[Opening Extracted records section]

lemma marginal_antimono:
  assumes "supp_in E u" "supp_in E w" "u \<le> w" "e \<in> E"
  shows "f (incr w e (Suc j)) - f (incr w e j) \<le> f (incr u e (Suc j)) - f (incr u e j)"
  using dr_submodular_incr[of "incr u e j" "incr w e j" e 1] assms
  by (simp add: supp_in_incr incr_mono)

lemma marginal_antimono_level:
  assumes "supp_in E u" "e \<in> E" "i \<le> j"
  shows "f (incr u e (Suc j)) - f (incr u e j) \<le> f (incr u e (Suc i)) - f (incr u e i)"
proof -
  have "j - i + Suc i = Suc j" "j - i + i = j" using assms(3) by simp_all
  with marginal_antimono[of u "incr u e (j - i)" e i] assms(1,2) show ?thesis
    by (simp add: supp_in_incr le_incr)
qed

lemma join_gain_le_coordinate_gains:
  assumes "finite E" "supp_in E x" "supp_in E v"
  shows "f (vjoin v x) - f x \<le> coordinate_gains f v E x"
proof -
  define z where "z A = (\<lambda>a. if a \<in> A then max (v a) (x a) else x a)" for A
  have z_supp: "supp_in E (z A)" for A using assms by (auto simp: supp_in_def z_def)
  have x_le_z: "x \<le> z A" for A by (auto simp: le_fun_def z_def)
  have "f (z A) - f x \<le> (\<Sum>a\<in>A. f (incr x a (v a - x a)) - f x)" if "A \<subseteq> E" for A
    using finite_subset[OF that assms(1)] that
  proof (induction A rule: finite_induct)
    case empty
    have "z {} = x" by (simp add: z_def fun_eq_iff)
    then show ?case by simp
  next
    case (insert a A)
    have "z (insert a A) = incr (z A) a (v a - x a)"
      using insert.hyps by (auto simp: z_def incr_def fun_eq_iff)
    moreover have "f (incr (z A) a (v a - x a)) - f (z A) \<le> f (incr x a (v a - x a)) - f x"
      by (rule dr_submodular_incr) (use assms z_supp x_le_z insert.prems in auto)
    ultimately show ?case using insert by simp
  qed
  moreover have "z E = vjoin v x" using assms by (auto simp: z_def vjoin_def fun_eq_iff supp_in_def)
  ultimately show ?thesis by (fastforce simp: coordinate_gains_def)
qed

lemma dsel_marginal_ge:
  assumes "supp_in E u" "e \<in> E" "j < dsel f k \<alpha> u e"
  shows "f u / real k \<le> f (incr u e (Suc j)) - f (incr u e j)"
proof -
  let ?d = "dsel f k \<alpha> u e"
  have "f u / real k \<le> f (incr u e (Suc (?d - 1))) - f (incr u e (?d - 1))"
    using dsel_marginal[of f k \<alpha> u e] assms(3) by simp
  also have "\<dots> \<le> f (incr u e (Suc j)) - f (incr u e j)"
    by (rule marginal_antimono_level) (use assms in auto)
  finally show ?thesis .
qed

lemma marginal_beyond_dsel_le:
  assumes "supp_in E u" "supp_in E w" "u \<le> w" "e \<in> E"
    and "dsel f k \<alpha> u e \<le> j" "real (Suc j) \<le> \<alpha> * real k"
  shows "f (incr w e (Suc j)) - f (incr w e j) \<le> f u / real k"
proof -
  have "f (incr u e (Suc j)) - f (incr u e j) < f u / real k"
    using dsel_maximal[of "Suc j" \<alpha> k f u e] assms(5,6) by fastforce
  with marginal_antimono[OF assms(1-4), of j] show ?thesis by linarith
qed

context
  assumes nonneg: "nonneg_on E f"
begin

lemma f_incr_le_dsel:
  assumes "supp_in E u" "e \<in> E" "m \<le> dsel f k \<alpha> u e"
  shows "f (incr u e m) \<le> f (incr u e (dsel f k \<alpha> u e))"
proof -
  have "0 \<le> f u / real k" using nonneg assms(1) by (simp add: nonneg_on_def)
  moreover have "real (dsel f k \<alpha> u e - m) * (f u / real k)
      \<le> f (incr u e (dsel f k \<alpha> u e)) - f (incr u e m)"
    by (rule diff_ge_of_increments_ge) (use assms dsel_marginal_ge in auto)
  ultimately show ?thesis by (smt (verit) mult_nonneg_nonneg of_nat_0_le_iff)
qed

lemma scaled_gain_le:
  assumes "supp_in E u" "f u \<le> f x" "i \<le> n"
  shows "real i * (f u / real k) \<le> real n * f x / real k"
proof -
  have "0 \<le> f u" using nonneg assms(1) by (simp add: nonneg_on_def)
  then have "real i * f u \<le> real n * f x"
    using assms(2,3) by (intro mult_mono) auto
  then show ?thesis by (simp add: divide_right_mono)
qed

lemma gain_le_if_taken:
  assumes "supp_in E u" "supp_in E x" "u \<le> x" "e \<in> E" "u e = 0"
    and "x e = dsel f k \<alpha> u e" "f u \<le> f x" "real n \<le> \<alpha> * real k"
  shows "f (incr x e (n - x e)) - f x \<le> real n * f x / real k"
proof (cases "n \<le> x e")
  case True
  then show ?thesis
    using nonneg assms(2) by (simp add: nonneg_on_def)
next
  case False
  let ?d = "dsel f k \<alpha> u e"
  define w where "w = x(e := 0)"
  have w: "supp_in E w" "u \<le> w" "x = incr w e ?d"
    using assms(2,3,5,6) by (auto simp: w_def supp_in_def le_fun_def incr_def)
  have "f (incr w e n) - f (incr w e ?d) \<le> real (n - ?d) * (f u / real k)"
  proof (rule diff_le_of_increments_le)
    fix j assume "?d \<le> j" "j < n"
    then show "f (incr w e (Suc j)) - f (incr w e j) \<le> f u / real k"
      using marginal_beyond_dsel_le[OF assms(1) w(1,2) assms(4)] assms(8) by simp
  qed (use False assms(6) in simp)
  also have "\<dots> \<le> real n * f x / real k"
    by (rule scaled_gain_le) (use assms in auto)
  finally show ?thesis
    using False assms(6) w(3) by simp
qed

lemma gain_le_if_passed:
  assumes "supp_in E u" "supp_in E x" "u \<le> x" "e \<in> E"
    and "x e = 0" "f u \<le> f x" "real n \<le> \<alpha> * real k"
  shows "f (incr x e (n - x e)) - f x
    \<le> real n * f x / real k + (f (incr u e (dsel f k \<alpha> u e)) - f u)"
proof -
  let ?d = "dsel f k \<alpha> u e"
  define m where "m = min n ?d"
  have "f (incr x e m) - f x \<le> f (incr u e m) - f u"
    by (rule dr_submodular_incr[OF assms(1-4)])
  also have "\<dots> \<le> f (incr u e ?d) - f u"
    using f_incr_le_dsel[OF assms(1,4)] by (simp add: m_def)
  finally have head: "f (incr x e m) - f x \<le> f (incr u e ?d) - f u" .
  have "f (incr x e n) - f (incr x e m) \<le> real (n - m) * (f u / real k)"
  proof (rule diff_le_of_increments_le)
    fix j assume "m \<le> j" "j < n"
    then have "?d \<le> j" "real (Suc j) \<le> \<alpha> * real k"
      using assms(7) by (auto simp: m_def)
    then show "f (incr x e (Suc j)) - f (incr x e j) \<le> f u / real k"
      by (rule marginal_beyond_dsel_le[OF assms(1,2,3,4)])
  qed (simp add: m_def)
  also have "\<dots> \<le> real n * f x / real k"
    by (rule scaled_gain_le) (use assms in auto)
  finally show ?thesis
    using head assms(5) by simp
qed

lemma greedy_update_raised:
  assumes "supp_in E u" "e \<in> E" "greedy_update f k \<alpha> e u u' v v'"
  shows "raised f {e} u u'"
  using assms(3) f_incr_le_dsel[OF assms(1,2), of 0]
  unfolding greedy_update_def raised_def by (auto simp: le_incr)

lemma fds_step_raised:
  assumes "fds_step f k \<alpha> e (u, v) = (u', v')" "supp_in E u" "supp_in E v" "e \<in> E"
  shows "raised f {e} u u'" "raised f {e} v v'"
  using greedy_update_raised fds_step_greedy_update[OF assms(1)] assms(2-4) by blast+

lemma fold_fds_step_raised:
  assumes "fold (fds_step f k \<alpha>) L (u, v) = (x, y)" "set L \<subseteq> E" "supp_in E u" "supp_in E v"
  shows "raised f (set L) u x \<and> raised f (set L) v y"
  using assms
proof (induction L arbitrary: u v)
  case Nil
  then show ?case by (simp add: raised_def)
next
  case (Cons e L)
  obtain u' v' where step: "fds_step f k \<alpha> e (u, v) = (u', v')" by fastforce
  have head: "raised f {e} u u'" "raised f {e} v v'"
    using fds_step_raised[OF step] Cons.prems by auto
  have supp: "supp_in E u'" "supp_in E v'"
    using head Cons.prems(2-4) by (auto intro: supp_in_raised)
  have "raised f (set L) u' x \<and> raised f (set L) v' y"
    using Cons.IH[OF _ _ supp] Cons.prems(1,2) step by simp
  with head show ?case
    using raised_trans by fastforce
qed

[Closing Extracted records section]

#### Task prompt:
If a line in the data above holds the string "moreover", report that line.

#### Task solution:
    moreover have "f (incr (z A) a (v a - x a)) - f (z A) \<le> f (incr x a (v a - x a)) - f x"
  moreover have "z E = vjoin v x" using assms by (auto simp: z_def vjoin_def fun_eq_iff supp_in_def)
  moreover have "real (dsel f k \<alpha> u e - m) * (f u / real k)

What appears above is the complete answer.